Cheat Sheet

Contract Law For Dummies

From Contract Law For Dummies by Scott J. Burnham

To be successful in contract law, you need to know the rules and be able to analyze fact situations in the light of those rules. This Cheat Sheet introduces some of the most important concepts in contract law — such as contract formation, promises enforceable because of reliance and restitution, the statute of frauds, the parol evidence rule, and damages for breach of contract — and boils them down for easy reference.

Essential Elements of Contract Formation

A contract is a legally enforceable exchange of promises. Contract formation requires the following three essential ingredients:

  • Offer: The offeror promises the offeree something in exchange for the offeree’s promise to do or not to do something.

  • Acceptance: The offeree gives the offeror whatever was requested, such as a promise to do or not to do something.

  • Consideration: The consideration is whatever each party brings to the table in the bargained-for exchange.

Finding an Enforceable Obligation

If you’re faced with the question of contract formation in your legal dealings, take the following three steps to find the obligation in the parties’ interaction:

  1. Look for a bargained-for contract — an exchange that has the three essential elements of offer, acceptance, and consideration.

  2. Look for a claim based on reliance (also known as promissory estoppel), meaning that one party reasonably changed his position due to the other party’s promise and lost something as a result.

  3. Look for a claim based on restitution, meaning that one party conferred a benefit on another without intending it as a gift or forcing it on the other party.

If you find at least one of these elements, you’re looking at an enforceable obligation.

Determining Whether a Transaction Is within the Statute of Frauds

To determine whether a transaction is within the statute of frauds and therefore must be evidenced by a writing, check whether the transaction is any of the following:

  • An agreement concerning real estate

  • An agreement to rent real property for longer than a year

  • An agreement that by its terms can’t be performed within a year from the making

  • An agreement to answer for the duty of another

  • An agreement for the sale of goods for $500 or more

If an agreement is within the statute, look for evidence of a writing signed by the person against whom enforcement is sought. If you don’t find a sufficient writing, look for an exception to the statute.

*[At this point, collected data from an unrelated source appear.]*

text \<open>If \<open>w + cnj z a - \<i> z + |z|\<^sup>2 b\<close> has nonnegative real part for all \<open>z\<close>,
  with \<open>|w| \<le> tau\<^sup>2\<close> and \<open>|b| \<le> K\<close>, then testing \<open>z = \<plusminus>tau, \<plusminus>\<i> tau\<close> shows that at
  \<open>z = \<sigma> tau\<close> the value \<open>Q\<close> has imaginary part of size about \<open>tau\<close> with sign \<open>-\<sigma>\<close>, while
  its real part is only \<open>O(tau\<^sup>2)\<close>.\<close>
lemma accretive_quadratic_estimates:
  fixes w a b :: complex and \<tau> K \<sigma> :: real
  assumes acc: "\<And>z. 0 \<le> Re (w + cnj z * a - \<i> * z + z * cnj z * b)"
    and w: "cmod w \<le> \<tau>^2" and b: "cmod b \<le> K" and tau: "0 < \<tau>" "\<tau> * (2 + 2*K) \<le> 1"
    and s: "\<sigma> = 1 \<or> \<sigma> = -1"
  defines "Q \<equiv> w + complex_of_real (\<sigma>*\<tau>) * a - \<i> * complex_of_real (\<sigma>*\<tau>) + complex_of_real (\<tau>^2) * b"
  shows "\<tau> \<le> \<sigma> * (- Im Q)" "\<bar>Im Q\<bar> \<le> 3*\<tau>" "0 \<le> Re Q" "Re Q \<le> 2*\<tau>^2*(1+K)" "cmod Q \<le> 4*\<tau>"
proof -
  have i1: "0 \<le> Re w + \<tau> * Re a + \<tau>^2 * Re b"
    using acc[of "complex_of_real \<tau>"] by (simp add: power2_eq_square)
  have i2: "0 \<le> Re w - \<tau> * Re a + \<tau>^2 * Re b"
    using acc[of "complex_of_real (-\<tau>)"] by (simp add: power2_eq_square)
  have i3: "0 \<le> Re w + \<tau> * Im a + \<tau> + \<tau>^2 * Re b"
    using acc[of "\<i> * complex_of_real \<tau>"] by (simp add: power2_eq_square)
  have i4: "0 \<le> Re w - \<tau> * Im a - \<tau> + \<tau>^2 * Re b"
    using acc[of "\<i> * complex_of_real (-\<tau>)"] by (simp add: power2_eq_square)
  have wb: "\<bar>Re w\<bar> \<le> \<tau>^2" "\<bar>Im w\<bar> \<le> \<tau>^2" "\<bar>Re b\<bar> \<le> K" "\<bar>Im b\<bar> \<le> K"
    using w b abs_Re_le_cmod[of w] abs_Im_le_cmod[of w] abs_Re_le_cmod[of b] abs_Im_le_cmod[of b]
    by linarith+
  have t2: "0 \<le> \<tau>^2" by simp
  have p1: "\<tau>^2 * Re b \<le> \<tau>^2 * K" "\<bar>\<tau>^2 * Im b\<bar> \<le> \<tau>^2 * K"
    using mult_left_mono[OF _ t2] wb(3,4) by (auto simp: abs_mult)
  have p2: "2*\<tau>^2 + 2*(\<tau>^2*K) \<le> \<tau>"
    using mult_left_mono[OF tau(2), of \<tau>] tau(1) by (simp add: power2_eq_square algebra_simps)
  have ReQ: "Re Q = Re w + \<sigma> * \<tau> * Re a + \<tau>^2 * Re b"
    and ImQ: "Im Q = Im w + \<sigma> * \<tau> * Im a - \<sigma> * \<tau> + \<tau>^2 * Im b"
    unfolding Q_def by simp_all
  show R0: "0 \<le> Re Q" using s i1 i2 unfolding ReQ by auto
  have key: "\<tau> \<le> \<sigma> * (- Im Q) \<and> \<bar>Im Q\<bar> \<le> 3 * \<tau> \<and> Re Q \<le> 2*\<tau>^2 + 2*(\<tau>^2*K)"
    using s
  proof
    assume s1: "\<sigma> = 1"
    have "Re Q = Re w + \<tau> * Re a + \<tau>^2 * Re b" "Im Q = Im w + \<tau> * Im a - \<tau> + \<tau>^2 * Im b"
      using ReQ ImQ s1 by simp_all
    then show ?thesis using wb p1 p2 i1 i2 i3 i4 unfolding abs_le_iff s1 by (intro conjI; linarith)
  next
    assume s1: "\<sigma> = -1"
    have "Re Q = Re w - \<tau> * Re a + \<tau>^2 * Re b" "Im Q = Im w - \<tau> * Im a + \<tau> + \<tau>^2 * Im b"
      using ReQ ImQ s1 by simp_all
    then show ?thesis using wb p1 p2 i1 i2 i3 i4 unfolding abs_le_iff s1 by (intro conjI; linarith)
  qed
  then show "\<tau> \<le> \<sigma> * (- Im Q)" "\<bar>Im Q\<bar> \<le> 3*\<tau>" "Re Q \<le> 2*\<tau>^2*(1+K)"
    by (simp_all add: algebra_simps)
  show "cmod Q \<le> 4*\<tau>" using key R0 p2 cmod_le[of Q] by linarith
qed
lemma Nbar_inverse:
  assumes "norm n = 1" and "mu * (lam + 2 * mu) \<noteq> 0"
  shows "Nbar lam mu n * the (mat_inverse (Nbar lam mu n)) = 1\<^sub>m 4"
    and "the (mat_inverse (Nbar lam mu n)) \<in> carrier_mat 4 4"
proof -
  let ?N = "Nbar lam mu n"
  have "?N \<in> Units (ring_mat TYPE(real) 4 undefined)"
    using det_non_zero_imp_unit[OF Nbar_carrier det_Nbar_nonzero[OF assms]] .
  then obtain B where B: "mat_inverse ?N = Some B"
    using mat_inverse(1)[OF Nbar_carrier[of lam mu n], of undefined] by fastforce
  show "?N * the (mat_inverse ?N) = 1\<^sub>m 4" "the (mat_inverse ?N) \<in> carrier_mat 4 4"
    using mat_inverse(2)[OF Nbar_carrier B] B by simp_all
qed

definition tangential_rows :: "real \<Rightarrow> real mat" where
  "tangential_rows c = mat 2 4 (\<lambda>(i, j). if j = i + 2 then c else 0)"

lemma tangential_rows_carrier: "tangential_rows c \<in> carrier_mat 2 4"
  by (simp add: tangential_rows_def)

lemma tangential_rows_mult_index:
  assumes "i < 2" "j < 4" "N \<in> carrier_mat 4 4"
  shows "(tangential_rows c * N) $$ (i, j) = c * N $$ (i + 2, j)"
proof -
  have "(tangential_rows c * N) $$ (i, j) = (\<Sum>k\<in>{0..<4}. tangential_rows c $$ (i, k) * N $$ (k, j))"
    using assms by (simp add: tangential_rows_def scalar_prod_def)
  also have "\<dots> = (\<Sum>k\<in>{0..<4}. if k = i + 2 then c * N $$ (k, j) else 0)"
    using assms by (intro sum.cong) (auto simp: tangential_rows_def)
  also have "\<dots> = c * N $$ (i + 2, j)" using assms by (subst sum.delta) auto
  finally show ?thesis .
qed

Extrinsic Evidence: Grasping the Parol Evidence Rule

Parol evidence is evidence of terms or understandings extrinsic to (not included in) a written contract. Courts follow the parol evidence rule to determine whether the evidence is admissible. Here’s the rule itself:

Once the parties have reduced their agreement to a writing that they intend to contain the final and complete statement of their agreement, then evidence of terms that would supplement or contradict it are not admissible.

And here’s how to apply the rule:

  1. Determine whether the parties intended the writing to be final.

    If yes, evidence may be offered to supplement the writing but not to contradict it. If no, evidence may be offered to supplement or contradict the writing.

  2. Determine whether the parties intended the writing to be complete as well as final.

    If yes, evidence may not be offered to contradict or supplement the writing. If no, evidence may be offered to supplement the writing but not to contradict it.

Limitations to Damages from Breach of Contract

The plaintiff in a breach of contract case faces an uphill battle in proving the case. Any damages the court awards are limited by the following considerations:

  • Causation: The plaintiff must prove that the breach caused the loss.

  • Certainty: The plaintiff must prove the amount of damages to a reasonable certainty.

  • Foreseeability (the Hadley rule): The plaintiff can recover only the losses that the defendant, at the time the parties made the contract, would reasonably have known would result from the breach.

  • Mitigation: The plaintiff must make reasonable efforts to minimize the cost of the breach.

Checking for Contract Conditions

In contract law, a condition is an event that must occur before some performance is due. Parties may claim that they aren’t in breach of contract because the condition that had to occur before they had to perform hasn’t occurred. A condition can be express or implied:

  • Express: An express condition, which usually uses words like if, is stated in the contract.

  • Implied: An implied condition is found by the court. The most common implied condition is the performance of a party. Thus, a party may claim that it doesn’t have to perform because the other party didn’t perform.